Part memoir, part monologue, with a dash of startling honesty, There’s Nothing in This Book That I Meant to Say features biographies of legendary historical figures from which Paula Poundstone can’t help digressing to tell her own story. Mining gold from the lives of Abraham Lincoln, Helen Keller, Joan of Arc, and Beethoven, among others, the eccentric and utterly inimitable mind of Paula Poundstone dissects, observes, and comments on the successes and failures of her own life with surprising candor and spot-on comedic timing in this unique laugh-out-loud book.
If you like Paula Poundstone’s ironic and blindingly intelligent humor, you’ll love this wryly observant, funny, and touching book.
Paula Poundstone on . . .
The sources of her self-esteem: “A couple of years ago I was reunited with a guy I knew in the fifth grade. He said, “All the other fifth-grade guys liked the pretty girls, but I liked you.” It’s hard to know if a guy is sincere when he lays it on that thick.
The battle between fatigue and informed citizenship: I play a videotape of The NewsHour with Jim Lehrer every night, but sometimes I only get as far as the theme song (da da-da-da da-ah) before I fall asleep. Sometimes as soon as Margaret Warner says whether or not Jim Lehrer is on vacation I drift right off. Somehow just knowing he’s well comforts me.
The occult: I need to know exactly what day I’m gonna die so that I don’t bother putting away leftovers the night before.
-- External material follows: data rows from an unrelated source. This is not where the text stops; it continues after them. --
text \<open>Since the index \<open>i\<close> is uniform on \<open>\<Omega>\<close> and independent of the estimates, the probability is
  the average over \<open>j \<in> \<Omega>\<close> of the probability that every \<open>p\<^sub>l\<close> detects \<open>j\<close> and every
  \<open>q\<^sub>l\<close> misses it. By independence across sensors this is a product of detection and miss
  probabilities, and it only depends on whether \<open>j\<close> lies in \<open>\<J>\<close>, in the private support of one
  of the \<open>p\<^sub>l\<close> or \<open>q\<^sub>l\<close>, or in none of them. Counting the indices of each kind gives the four
  terms.\<close>

definition hit_miss_event :: "'w set \<Rightarrow> ('a \<Rightarrow> 'w set) \<Rightarrow> 'a set \<Rightarrow> 'a set \<Rightarrow> 'w set" where
  "hit_miss_event \<Omega> A P Q = {w \<in> \<Omega>. (\<forall>p\<in>P. w \<in> A p) \<and> (\<forall>q\<in>Q. w \<notin> A q)}"

definition hit_miss_weight :: "('a \<Rightarrow> real) \<Rightarrow> 'a set \<Rightarrow> 'a set \<Rightarrow> real" where
  "hit_miss_weight \<pi> P Q = (\<Prod>p\<in>P. \<pi> p) * (\<Prod>q\<in>Q. 1 - \<pi> q)"

lemma hit_miss_event_in_sets:
  assumes "finite P" "finite Q" "\<And>p. p \<in> P \<union> Q \<Longrightarrow> A p \<in> sets N"
  shows "hit_miss_event (space N) A P Q \<in> sets N"
proof -
  have "{w \<in> space N. w \<in> A p} = A p" if "p \<in> P \<union> Q" for p
    using sets.sets_into_space[OF assms(3)[OF that]] by blast
  then show ?thesis
    unfolding hit_miss_event_def using assms(1,2)
    by (intro sets.sets_Collect_conj sets.sets_Collect_finite_All sets.sets_Collect_neg) (auto simp: assms(3))
qed

lemma hit_miss_event_in_sigma_sets:
  assumes "finite P" "finite Q" "G \<subseteq> Pow \<Omega>" "\<And>p. p \<in> P \<union> Q \<Longrightarrow> A p \<in> G"
  shows "hit_miss_event \<Omega> A P Q \<in> sigma_sets \<Omega> G"
  using hit_miss_event_in_sets[of P Q A "sigma \<Omega> G"] assms by (simp add: sigma_sets.Basic)

lemma (in prob_space) prob_hit_miss_event:
  assumes ind: "indep_events A L" and "finite Q" "finite P" "P \<subseteq> L" "Q \<subseteq> L" "P \<inter> Q = {}"
  shows "prob (hit_miss_event (space M) A P Q) = hit_miss_weight (\<lambda>p. prob (A p)) P Q"
  using assms(2-)
proof (induction Q arbitrary: P rule: finite_induct)
  case empty
  show ?case
  proof (cases "P = {}")
    case True
    then show ?thesis by (simp add: hit_miss_event_def hit_miss_weight_def prob_space)
  next
    case False
    have "A p \<subseteq> space M" if "p \<in> P" for p
      using ind empty.prems that by (intro sets.sets_into_space) (auto simp: indep_events_def)
    then have "hit_miss_event (space M) A P {} = (\<Inter>p\<in>P. A p)"
      using False by (auto simp: hit_miss_event_def)
    then show ?thesis
      using ind empty.prems False by (simp add: indep_events_def hit_miss_weight_def)
  qed
next
  case (insert q Q)
  have A_events: "A ` L \<subseteq> events" using ind by (simp add: indep_events_def)
  have events: "hit_miss_event (space M) A P' Q \<in> events" if "finite P'" "P' \<subseteq> L" for P'
    using that insert A_events by (intro hit_miss_event_in_sets) auto
  have split: "hit_miss_event (space M) A P (insert q Q) =
      hit_miss_event (space M) A P Q - hit_miss_event (space M) A (insert q P) Q"
    by (auto simp: hit_miss_event_def)
  have "prob (hit_miss_event (space M) A P (insert q Q)) =
      prob (hit_miss_event (space M) A P Q) - prob (hit_miss_event (space M) A (insert q P) Q)"
    unfolding split using insert.prems insert.hyps
    by (intro finite_measure_Diff events) (auto simp: hit_miss_event_def)
  also have "\<dots> = hit_miss_weight (\<lambda>p. prob (A p)) P (insert q Q)"
    using insert.IH[of P] insert.IH[of "insert q P"] insert.prems insert.hyps
    by (simp add: hit_miss_weight_def algebra_simps)
  finally show ?case .
qed
(* The cone $\Omega$ has dimension $15$, the maximal possible (equal to $\operatorname{rank}A$).
   Context: Kummer surface. Let $C$ be a very general smooth projective curve of genus 2, $J(C)$ its Jacobian, and $S$ the minimal resolution of the Kummer quartic $J(C)/\{\pm1\}\subset\mathbb{P}^3$; $S$ is a K3 surface of Picard number 17 and $NS(S)=\mathrm{Pic}(S)$. The group $J(C)_2$ is indexed as $\{0\}\cup\{ij:1\le i<j\le 6\}$ (unordered pairs, also $0=66$), with $0$ the identity, $ij+jk=ik$, and $ij+kl=mn$ whenever $\{i,j,k,l,m,n\}=\{1,\dots,6\}$. For $\alpha\in J(C)_2$, $N_\alpha$ is the exceptional $(-2)$-curve over the node indexed by $\alpha$ and $T_\alpha$ is the trope indexed by $\alpha$ (a smooth rational $(-2)$-curve). Each $T_\beta$ meets exactly the six $N_\alpha$ with $\alpha\in I(T_\beta)$, where $I(T_0)=\{0,16,26,36,46,56\}$, $I(T_{i6})=\{0,i6,ij,ik,il,im\}$, $I(T_{ij})=\{i6,j6,ij,kl,km,lm\}$ for $\{i,j,k,l,m\}=\{1,\dots,5\}$. $\Lambda$ is the pullback of the hyperplane class; $\Lambda^2=4$, $N_\alpha^2=-2$, $\Lambda\cdot N_\alpha=0$, $N_\alpha\cdot N_\beta=0$ for $\alpha\neq\beta$, and $T_\beta=\tfrac12(\Lambda-\sum_{\alpha\in I(T_\beta)}N_\alpha)$. The switch $\sigma$ is the involution of $S$ with $N_\alpha\leftrightarrow T_\alpha$, $\Lambda\mapsto3\Lambda-\sum_\alpha N_\alpha$. A Göpel tetrad is a 4-element subset $g\subset J(C)_2$ no three elements of which lie in a common $I(T_\beta)$. A Weber hexad is a 6-element subset $w\subset J(C)_2$ no four elements of which lie in a common $I(T_\beta)$ or a common Göpel tetrad. $r_g:=\Lambda-\sum_{\alpha\in g}N_\alpha$, $r_w:=3\Lambda-2\sum_{\alpha\in w}N_\alpha$. Lattices. $R:=T_0$; $b:=\tfrac12\big(3\Lambda-\sum_{i=1}^6N_{i6}-2\sum_{1\le i<j\le5}N_{ij}\big)$; $B:=\mathbb{Z}b+\mathbb{Z}R$; $A:=B^\perp\subset NS(S)$ (rank 15). Domain: $P(S)$ is the component of $\{x^2>0\}$ in $NS(S)\otimes\mathbb{R}$ containing ample classes; $D':=\{x\in P(S): x\cdot r>0$ for all $r$ among $N_\alpha,T_\alpha,\Lambda-2N_\alpha,\sigma(\Lambda-2N_\alpha)$ ($\alpha\in J(C)_2$), $r_g$ (all 60 Göpel tetrads), $r_w$ (all 192 Weber hexads)$\}$; $\Omega:=\overline{D'}\cap(A\otimes\mathbb{R})$. *)

theory Defs
  imports "HOL-Analysis.Analysis"
begin

text \<open>An element of J(C)_2 is encoded as a set of naturals: the identity 0 (= 66) is the
empty set, and the element ij (1 <= i < j <= 6) is the unordered pair {i,j}.\<close>

definition J2 :: "nat set set" where
  "J2 = insert {} {{i, j} | i j. 1 \<le> i \<and> i < j \<and> j \<le> 6}"

definition Itrope :: "nat set \<Rightarrow> nat set set" where
  "Itrope beta =
    (if beta = {} then insert {} {{i, 6} | i. 1 \<le> i \<and> i \<le> 5}
     else if 6 \<in> beta then
       (let i = the_elem (beta - {6}) in
          {{}, beta} \<union> {{i, j} | j. 1 \<le> j \<and> j \<le> 5 \<and> j \<noteq> i})
     else
       {beta - {i} \<union> {6} | i. i \<in> beta} \<union> {beta}
       \<union> {{k, l} | k l. 1 \<le> k \<and> k < l \<and> l \<le> 5 \<and> k \<notin> beta \<and> l \<notin> beta})"

definition goepel :: "nat set set \<Rightarrow> bool" where
  "goepel g \<longleftrightarrow> g \<subseteq> J2 \<and> card g = 4 \<and> (\<forall>beta\<in>J2. card (g \<inter> Itrope beta) \<le> 2)"

definition weber :: "nat set set \<Rightarrow> bool" where
  "weber w \<longleftrightarrow> w \<subseteq> J2 \<and> card w = 6
     \<and> (\<forall>beta\<in>J2. card (w \<inter> Itrope beta) \<le> 3)
     \<and> (\<forall>g. goepel g \<longrightarrow> card (w \<inter> g) \<le> 3)"

typedef kidx = "insert None (Some ` J2)" by blast

instance kidx :: finite
proof
  have "finite J2" unfolding J2_def
  proof -
    have "{{i, j} | i j. 1 \<le> i \<and> i < j \<and> j \<le> (6::nat)} \<subseteq> (\<lambda>(i,j). {i,j}) ` ({..6} \<times> {..6})"
      by auto
    then show "finite (insert {} {{i, j} | i j. 1 \<le> i \<and> i < j \<and> j \<le> (6::nat)})"
      by (meson finite_SigmaI finite_atMost finite_imageI finite_insert finite_subset)
  qed
  then have "finite (insert None (Some ` J2))" by simp
  then have "finite (Abs_kidx ` insert None (Some ` J2))" by simp
  moreover have "UNIV = Abs_kidx ` insert None (Some ` J2)"
    using type_definition.Abs_image[OF type_definition_kidx] by simp
  ultimately show "finite (UNIV :: kidx set)" by metis
qed

type_synonym NSR = "real ^ kidx"

definition Lam :: NSR where "Lam = axis (Abs_kidx None) 1"
definition Nd :: "nat set \<Rightarrow> NSR" where "Nd a = axis (Abs_kidx (Some a)) 1"

definition ip :: "NSR \<Rightarrow> NSR \<Rightarrow> real" where
  "ip x y = 4 * (x $ Abs_kidx None) * (y $ Abs_kidx None)
      - 2 * (\<Sum>a\<in>J2. (x $ Abs_kidx (Some a)) * (y $ Abs_kidx (Some a)))"

definition Tr :: "nat set \<Rightarrow> NSR" where
  "Tr b = (1/2) *\<^sub>R (Lam - (\<Sum>a\<in>Itrope b. Nd a))"

definition switch :: "NSR \<Rightarrow> NSR" where
  "switch x = (x $ Abs_kidx None) *\<^sub>R (3 *\<^sub>R Lam - (\<Sum>a\<in>J2. Nd a))
              + (\<Sum>a\<in>J2. (x $ Abs_kidx (Some a)) *\<^sub>R Tr a)"

definition r_goepel :: "nat set set \<Rightarrow> NSR" where
  "r_goepel g = Lam - (\<Sum>a\<in>g. Nd a)"

definition r_weber :: "nat set set \<Rightarrow> NSR" where
  "r_weber w = 3 *\<^sub>R Lam - 2 *\<^sub>R (\<Sum>a\<in>w. Nd a)"

definition walls :: "NSR set" where
  "walls = Nd ` J2 \<union> Tr ` J2 \<union> (\<lambda>a. Lam - 2 *\<^sub>R Nd a) ` J2
     \<union> (\<lambda>a. switch (Lam - 2 *\<^sub>R Nd a)) ` J2
     \<union> r_goepel ` {g. goepel g} \<union> r_weber ` {w. weber w}"

text \<open>Positive cone component containing the ample classes = the one containing Lambda
(Lambda is nef with Lambda^2 = 4 > 0, hence lies in the closure of the ample cone).\<close>
definition Pcone :: "NSR set" where
  "Pcone = {x. ip x x > 0 \<and> ip x Lam > 0}"

definition Dprime :: "NSR set" where
  "Dprime = {x \<in> Pcone. \<forall>r\<in>walls. ip x r > 0}"

definition Rcls :: NSR where "Rcls = Tr {}"

definition bcls :: NSR where
  "bcls = (1/2) *\<^sub>R (3 *\<^sub>R Lam - (\<Sum>i\<in>{1..6::nat}. Nd (if i = 6 then {} else {i, 6}))
            - 2 *\<^sub>R (\<Sum>p\<in>{{i, j} | i j. 1 \<le> i \<and> i < j \<and> j \<le> (5::nat)}. Nd p))"

text \<open>A tensor R = orthogonal complement of B = Zb + ZR in NS(S) tensor R.\<close>
definition AR :: "NSR set" where
  "AR = {x. ip x bcls = 0 \<and> ip x Rcls = 0}"

definition Omega :: "NSR set" where
  "Omega = closure Dprime \<inter> AR"

end

theory Submission
  imports Defs
begin

text \<open>Let \<open>I_0 = I(T_0)\<close> and \<open>x0 = 15 \<Lambda> - 5 \<Sum>{N_\<alpha> | \<alpha> \<in> I_0} - 3 \<Sum>{N_\<alpha> | \<alpha> \<notin> I_0}\<close>;
  it is orthogonal to \<open>b\<close> and \<open>R\<close>, so it lies in \<open>A \<otimes> \<real>\<close>. Every class with \<open>\<Lambda>\<close>-coordinate at
  least \<open>29/2\<close> whose \<open>N\<close>-coordinates stay close to those of \<open>x0\<close> lies in the positive cone and is
  positive on all walls of \<open>D'\<close> except \<open>R\<close>: the walls \<open>r_g\<close>, \<open>r_w\<close>, \<open>\<Lambda> - 2N_\<alpha>\<close> and
  \<open>\<sigma>(\<Lambda> - 2N_\<alpha>)\<close> put few nodes against a large multiple of \<open>\<Lambda>\<close>, and a trope \<open>T_\<beta> \<noteq> T_0\<close>
  meets at most two nodes of \<open>I_0\<close>. Adding a small multiple of \<open>\<Lambda>\<close> to a class of \<open>A \<otimes> \<real>\<close>
  near \<open>x0\<close> makes it positive on \<open>R\<close> as well, so \<open>\<Omega>\<close> contains a neighbourhood of \<open>x0\<close> in
  \<open>A \<otimes> \<real>\<close>. Finally \<open>dim (A \<otimes> \<real>) = 17 - 2\<close>, as the pairings with \<open>b\<close> and \<open>R\<close> are independent.\<close>

lemma pairs_upto_6:
  "{(i, j). 1 \<le> i \<and> i < j \<and> j \<le> (6::nat)} =
   set [(1,2),(1,3),(1,4),(1,5),(1,6),(2,3),(2,4),(2,5),(2,6),(3,4),(3,5),(3,6),(4,5),(4,6),(5,6)]"
  (is "_ = ?R")
proof (intro equalityI subsetI)
  fix p assume "p \<in> {(i, j). 1 \<le> i \<and> i < j \<and> j \<le> (6::nat)}"
  then obtain i j where p: "p = (i, j)" and ij: "1 \<le> i \<and> i < j \<and> j \<le> 6" by auto
  then have "j = 2 \<or> j = 3 \<or> j = 4 \<or> j = 5 \<or> j = 6" by linarith
  then show "p \<in> ?R" using ij unfolding p by (elim disjE; simp; linarith)
qed auto

lemma pairs_upto_5:
  "{(i, j). 1 \<le> i \<and> i < j \<and> j \<le> (5::nat)} =
   set [(1,2),(1,3),(1,4),(1,5),(2,3),(2,4),(2,5),(3,4),(3,5),(4,5)]"
proof -
  have "{(i, j). 1 \<le> i \<and> i < j \<and> j \<le> (5::nat)} =
        {p \<in> {(i, j). 1 \<le> i \<and> i < j \<and> j \<le> 6}. snd p \<noteq> 6}"
    by auto
  then show ?thesis unfolding pairs_upto_6 set_filter[symmetric] by simp
qed

lemma J2_eq:
  "J2 = {{},{1,2},{1,3},{1,4},{1,5},{1,6},{2,3},{2,4},{2,5},{2,6},{3,4},{3,5},{3,6},{4,5},{4,6},{5,6}}"
proof -
  have "{{i, j} | i j. 1 \<le> i \<and> i < j \<and> j \<le> (6::nat)} =
        (\<lambda>(i, j). {i, j}) ` {(i, j). 1 \<le> i \<and> i < j \<and> j \<le> 6}"
    by auto
  then show ?thesis unfolding J2_def pairs_upto_6 by simp
qed

lemma finite_J2: "finite J2"
  by (simp add: J2_eq)

lemma card_J2: "card J2 = 16"
  by (simp add: J2_eq doubleton_eq_iff)

lemma Itrope_eq:
  "Itrope beta =
    (if beta = {} then insert {} ((\<lambda>i. {i, 6}) ` {1, 2, 3, 4, 5})
     else if 6 \<in> beta then
       {{}, beta} \<union> (\<lambda>j. {the_elem (beta - {6}), j}) `
         set (filter (\<lambda>j. j \<noteq> the_elem (beta - {6})) [1, 2, 3, 4, 5])
     else (\<lambda>i. beta - {i} \<union> {6}) ` beta \<union> {beta} \<union> (\<lambda>(k, l). {k, l}) `
       set (filter (\<lambda>p. fst p \<notin> beta \<and> snd p \<notin> beta)
         [(1,2),(1,3),(1,4),(1,5),(2,3),(2,4),(2,5),(3,4),(3,5),(4,5)]))"
proof -
  have T0: "{{i, 6} | i. 1 \<le> i \<and> i \<le> (5::nat)} = (\<lambda>i. {i, 6}) ` {1, 2, 3, 4, 5}"
    by (auto simp: le_Suc_eq numeral_eq_Suc)
  have Ti6: "{{i, j} | j. 1 \<le> j \<and> j \<le> (5::nat) \<and> j \<noteq> i} =
      (\<lambda>j. {i, j}) ` set (filter (\<lambda>j. j \<noteq> i) [1, 2, 3, 4, 5])" for i
  proof -
    have "{{i, j} | j. 1 \<le> j \<and> j \<le> (5::nat) \<and> j \<noteq> i} =
        (\<lambda>j. {i, j}) ` {j \<in> set [1, 2, 3, 4, 5]. j \<noteq> i}"
      by (auto simp: le_Suc_eq numeral_eq_Suc)
    then show ?thesis unfolding set_filter .
  qed
  have Tij_via_6: "{beta - {i} \<union> {6::nat} | i. i \<in> beta} = (\<lambda>i. beta - {i} \<union> {6}) ` beta"
    by auto
  have Tij_disjoint: "{{k, l} | k l. 1 \<le> k \<and> k < l \<and> l \<le> (5::nat) \<and> k \<notin> beta \<and> l \<notin> beta} =
      (\<lambda>(k, l). {k, l}) ` {p \<in> {(k, l). 1 \<le> k \<and> k < l \<and> l \<le> 5}. fst p \<notin> beta \<and> snd p \<notin> beta}"
    by force
  show ?thesis
    unfolding Itrope_def T0 Ti6 Tij_via_6 Tij_disjoint pairs_upto_5 Let_def set_filter[symmetric] ..
qed

lemma Itrope_J2:
  assumes "b \<in> J2"
  shows Itrope_subset_J2: "Itrope b \<subseteq> J2"
    and card_Itrope: "card (Itrope b) = 6"
    and card_Itrope_Int_Itrope_empty: "b \<noteq> {} \<Longrightarrow> card (Itrope b \<inter> Itrope {}) \<le> 2"
proof -
  have "Itrope b \<subseteq> J2 \<and> card (Itrope b) = 6 \<and> (b \<noteq> {} \<longrightarrow> card (Itrope b \<inter> Itrope {}) \<le> 2)"
    using assms unfolding J2_eq
    by (elim insertE emptyE; simp add: Itrope_eq insert_Diff_if doubleton_eq_iff)
  then show "Itrope b \<subseteq> J2" "card (Itrope b) = 6" "b \<noteq> {} \<Longrightarrow> card (Itrope b \<inter> Itrope {}) \<le> 2"
    by auto
qed

lemma empty_in_J2: "{} \<in> J2"
  by (simp add: J2_def)

lemma finite_Itrope: "b \<in> J2 \<Longrightarrow> finite (Itrope b)"
  using Itrope_subset_J2 finite_J2 finite_subset by blast

lemma card_J2_Diff_Itrope: "b \<in> J2 \<Longrightarrow> card (J2 - Itrope b) = 10"
  by (simp add: card_Diff_subset finite_Itrope Itrope_subset_J2 card_Itrope card_J2)

abbreviation lam_idx :: kidx where "lam_idx \<equiv> Abs_kidx None"
abbreviation node_idx :: "nat set \<Rightarrow> kidx" where "node_idx a \<equiv> Abs_kidx (Some a)"

lemma node_idx_inject: "a \<in> J2 \<Longrightarrow> b \<in> J2 \<Longrightarrow> node_idx a = node_idx b \<longleftrightarrow> a = b"
  by (simp add: Abs_kidx_inject)

lemma node_idx_neq_lam_idx [simp]: "a \<in> J2 \<Longrightarrow> node_idx a \<noteq> lam_idx"
  and lam_idx_neq_node_idx [simp]: "a \<in> J2 \<Longrightarrow> lam_idx \<noteq> node_idx a"
  by (simp_all add: Abs_kidx_inject)

lemma UNIV_kidx: "(UNIV :: kidx set) = insert lam_idx (node_idx ` J2)"
  using type_definition.Abs_image[OF type_definition_kidx] by auto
TV’s misplaced priorities: Someday in the midst of the State of the Union address they’ll break in with, “We interrupt this program to bring you a little clip from Bewitched.”
Travel: In London I went to the queen’s house. I went as a tourist—she didn’t invite me so she could pick my brain: “What do you think of my face on the pound? Too serious?”
Air-conditioning in Florida: If it were as cold outside in the winter as they make it inside in the summer, they’d put the heat on. It makes no sense.
The scandal: The judge said I was the best probationer he ever had. Talk about proud.